● **Aim of the task**: Compute how many lines in the data below hold the word "blast", then report that number with nothing else.
Records to use below:
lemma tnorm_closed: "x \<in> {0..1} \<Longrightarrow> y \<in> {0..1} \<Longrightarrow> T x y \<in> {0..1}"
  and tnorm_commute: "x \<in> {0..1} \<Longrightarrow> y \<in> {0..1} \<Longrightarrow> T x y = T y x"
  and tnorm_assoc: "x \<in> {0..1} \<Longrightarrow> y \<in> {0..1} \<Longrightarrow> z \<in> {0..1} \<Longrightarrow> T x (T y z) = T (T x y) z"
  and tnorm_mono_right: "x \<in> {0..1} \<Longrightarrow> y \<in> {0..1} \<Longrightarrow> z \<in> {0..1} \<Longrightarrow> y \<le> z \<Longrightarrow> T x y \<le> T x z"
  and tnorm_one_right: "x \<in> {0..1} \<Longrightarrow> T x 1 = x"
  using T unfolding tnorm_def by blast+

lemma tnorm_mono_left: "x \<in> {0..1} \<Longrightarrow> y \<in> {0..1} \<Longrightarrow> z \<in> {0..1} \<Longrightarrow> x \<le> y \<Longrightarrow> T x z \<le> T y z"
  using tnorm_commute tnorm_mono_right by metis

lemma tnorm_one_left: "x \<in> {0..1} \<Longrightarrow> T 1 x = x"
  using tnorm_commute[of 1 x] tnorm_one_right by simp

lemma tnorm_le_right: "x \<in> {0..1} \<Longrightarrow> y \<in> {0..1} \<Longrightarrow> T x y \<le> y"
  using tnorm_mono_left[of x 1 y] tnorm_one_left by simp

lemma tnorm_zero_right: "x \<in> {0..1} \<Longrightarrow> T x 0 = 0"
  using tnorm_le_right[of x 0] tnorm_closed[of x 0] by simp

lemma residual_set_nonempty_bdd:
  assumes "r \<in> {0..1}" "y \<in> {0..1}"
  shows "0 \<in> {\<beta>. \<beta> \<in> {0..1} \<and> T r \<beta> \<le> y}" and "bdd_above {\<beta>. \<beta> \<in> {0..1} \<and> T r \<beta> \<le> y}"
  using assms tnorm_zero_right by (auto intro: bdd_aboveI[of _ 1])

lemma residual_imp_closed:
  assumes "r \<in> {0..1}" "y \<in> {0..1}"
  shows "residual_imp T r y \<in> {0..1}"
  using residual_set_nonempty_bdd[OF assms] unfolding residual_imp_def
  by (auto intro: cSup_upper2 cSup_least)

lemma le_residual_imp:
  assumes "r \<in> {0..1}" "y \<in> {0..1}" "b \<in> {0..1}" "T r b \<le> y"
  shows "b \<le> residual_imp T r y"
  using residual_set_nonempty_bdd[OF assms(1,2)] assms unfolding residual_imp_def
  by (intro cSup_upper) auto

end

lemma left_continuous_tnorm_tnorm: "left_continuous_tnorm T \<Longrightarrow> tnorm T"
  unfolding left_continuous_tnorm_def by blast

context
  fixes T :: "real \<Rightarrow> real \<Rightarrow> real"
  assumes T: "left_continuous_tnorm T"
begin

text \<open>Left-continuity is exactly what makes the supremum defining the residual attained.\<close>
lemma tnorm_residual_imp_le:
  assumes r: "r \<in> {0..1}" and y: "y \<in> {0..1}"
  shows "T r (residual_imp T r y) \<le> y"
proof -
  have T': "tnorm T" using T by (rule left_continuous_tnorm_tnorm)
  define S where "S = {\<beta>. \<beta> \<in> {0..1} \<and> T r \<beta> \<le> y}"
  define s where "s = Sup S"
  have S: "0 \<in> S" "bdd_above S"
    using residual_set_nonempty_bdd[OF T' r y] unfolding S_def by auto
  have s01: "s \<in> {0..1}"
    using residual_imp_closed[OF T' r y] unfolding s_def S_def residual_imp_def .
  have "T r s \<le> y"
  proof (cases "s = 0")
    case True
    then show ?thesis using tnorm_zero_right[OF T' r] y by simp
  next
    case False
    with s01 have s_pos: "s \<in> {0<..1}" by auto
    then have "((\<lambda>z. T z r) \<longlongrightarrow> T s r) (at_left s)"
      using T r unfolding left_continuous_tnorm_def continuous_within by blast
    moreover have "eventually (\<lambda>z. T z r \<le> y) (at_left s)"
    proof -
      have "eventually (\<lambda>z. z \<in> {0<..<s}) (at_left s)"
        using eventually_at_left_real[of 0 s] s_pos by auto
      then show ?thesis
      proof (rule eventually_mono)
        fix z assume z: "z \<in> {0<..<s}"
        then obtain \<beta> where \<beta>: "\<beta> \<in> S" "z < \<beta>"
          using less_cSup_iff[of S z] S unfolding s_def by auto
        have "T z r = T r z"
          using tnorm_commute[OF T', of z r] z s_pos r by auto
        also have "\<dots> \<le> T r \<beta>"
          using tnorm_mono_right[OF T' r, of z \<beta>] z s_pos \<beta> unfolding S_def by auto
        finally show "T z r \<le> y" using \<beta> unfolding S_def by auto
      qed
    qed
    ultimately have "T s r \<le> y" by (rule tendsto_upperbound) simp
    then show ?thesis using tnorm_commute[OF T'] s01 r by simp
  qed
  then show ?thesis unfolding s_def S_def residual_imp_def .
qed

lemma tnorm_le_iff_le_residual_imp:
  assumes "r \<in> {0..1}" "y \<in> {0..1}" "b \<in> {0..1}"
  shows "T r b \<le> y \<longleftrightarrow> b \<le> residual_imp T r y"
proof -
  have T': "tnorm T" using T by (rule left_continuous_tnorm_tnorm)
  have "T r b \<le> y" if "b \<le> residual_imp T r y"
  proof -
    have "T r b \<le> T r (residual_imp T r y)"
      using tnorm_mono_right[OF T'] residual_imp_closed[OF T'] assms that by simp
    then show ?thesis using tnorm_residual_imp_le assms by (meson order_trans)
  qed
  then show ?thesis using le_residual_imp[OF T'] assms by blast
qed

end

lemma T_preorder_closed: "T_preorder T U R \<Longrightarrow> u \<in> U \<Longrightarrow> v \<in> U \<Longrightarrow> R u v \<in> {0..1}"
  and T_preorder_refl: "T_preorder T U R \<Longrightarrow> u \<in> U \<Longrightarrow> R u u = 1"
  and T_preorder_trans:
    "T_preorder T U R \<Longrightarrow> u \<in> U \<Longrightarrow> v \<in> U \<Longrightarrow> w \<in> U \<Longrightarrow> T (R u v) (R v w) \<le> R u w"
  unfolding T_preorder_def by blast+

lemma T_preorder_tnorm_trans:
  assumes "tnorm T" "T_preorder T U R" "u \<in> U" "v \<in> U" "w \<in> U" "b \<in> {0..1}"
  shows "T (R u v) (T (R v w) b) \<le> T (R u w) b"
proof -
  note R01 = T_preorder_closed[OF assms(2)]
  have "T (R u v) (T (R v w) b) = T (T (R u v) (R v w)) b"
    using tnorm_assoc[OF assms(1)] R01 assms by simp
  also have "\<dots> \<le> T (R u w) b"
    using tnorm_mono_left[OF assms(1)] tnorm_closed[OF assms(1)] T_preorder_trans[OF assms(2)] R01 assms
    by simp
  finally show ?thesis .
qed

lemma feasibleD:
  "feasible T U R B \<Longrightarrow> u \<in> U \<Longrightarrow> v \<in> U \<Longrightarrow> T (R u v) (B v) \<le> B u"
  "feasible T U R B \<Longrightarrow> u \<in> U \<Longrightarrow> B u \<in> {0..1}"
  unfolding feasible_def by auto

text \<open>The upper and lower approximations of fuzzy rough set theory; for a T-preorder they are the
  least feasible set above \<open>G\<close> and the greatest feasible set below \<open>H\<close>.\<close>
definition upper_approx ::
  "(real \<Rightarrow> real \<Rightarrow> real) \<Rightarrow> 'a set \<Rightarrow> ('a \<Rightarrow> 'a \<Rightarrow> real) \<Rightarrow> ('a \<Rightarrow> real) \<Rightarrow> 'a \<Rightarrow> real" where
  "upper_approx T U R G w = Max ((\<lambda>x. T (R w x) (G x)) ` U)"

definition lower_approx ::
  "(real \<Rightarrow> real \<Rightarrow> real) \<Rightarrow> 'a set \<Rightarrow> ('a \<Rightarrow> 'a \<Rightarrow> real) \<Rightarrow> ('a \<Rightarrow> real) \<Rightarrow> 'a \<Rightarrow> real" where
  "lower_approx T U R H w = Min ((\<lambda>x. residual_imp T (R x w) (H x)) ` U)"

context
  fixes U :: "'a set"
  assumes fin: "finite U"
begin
End of Records to use.
● **Output for this task**: 5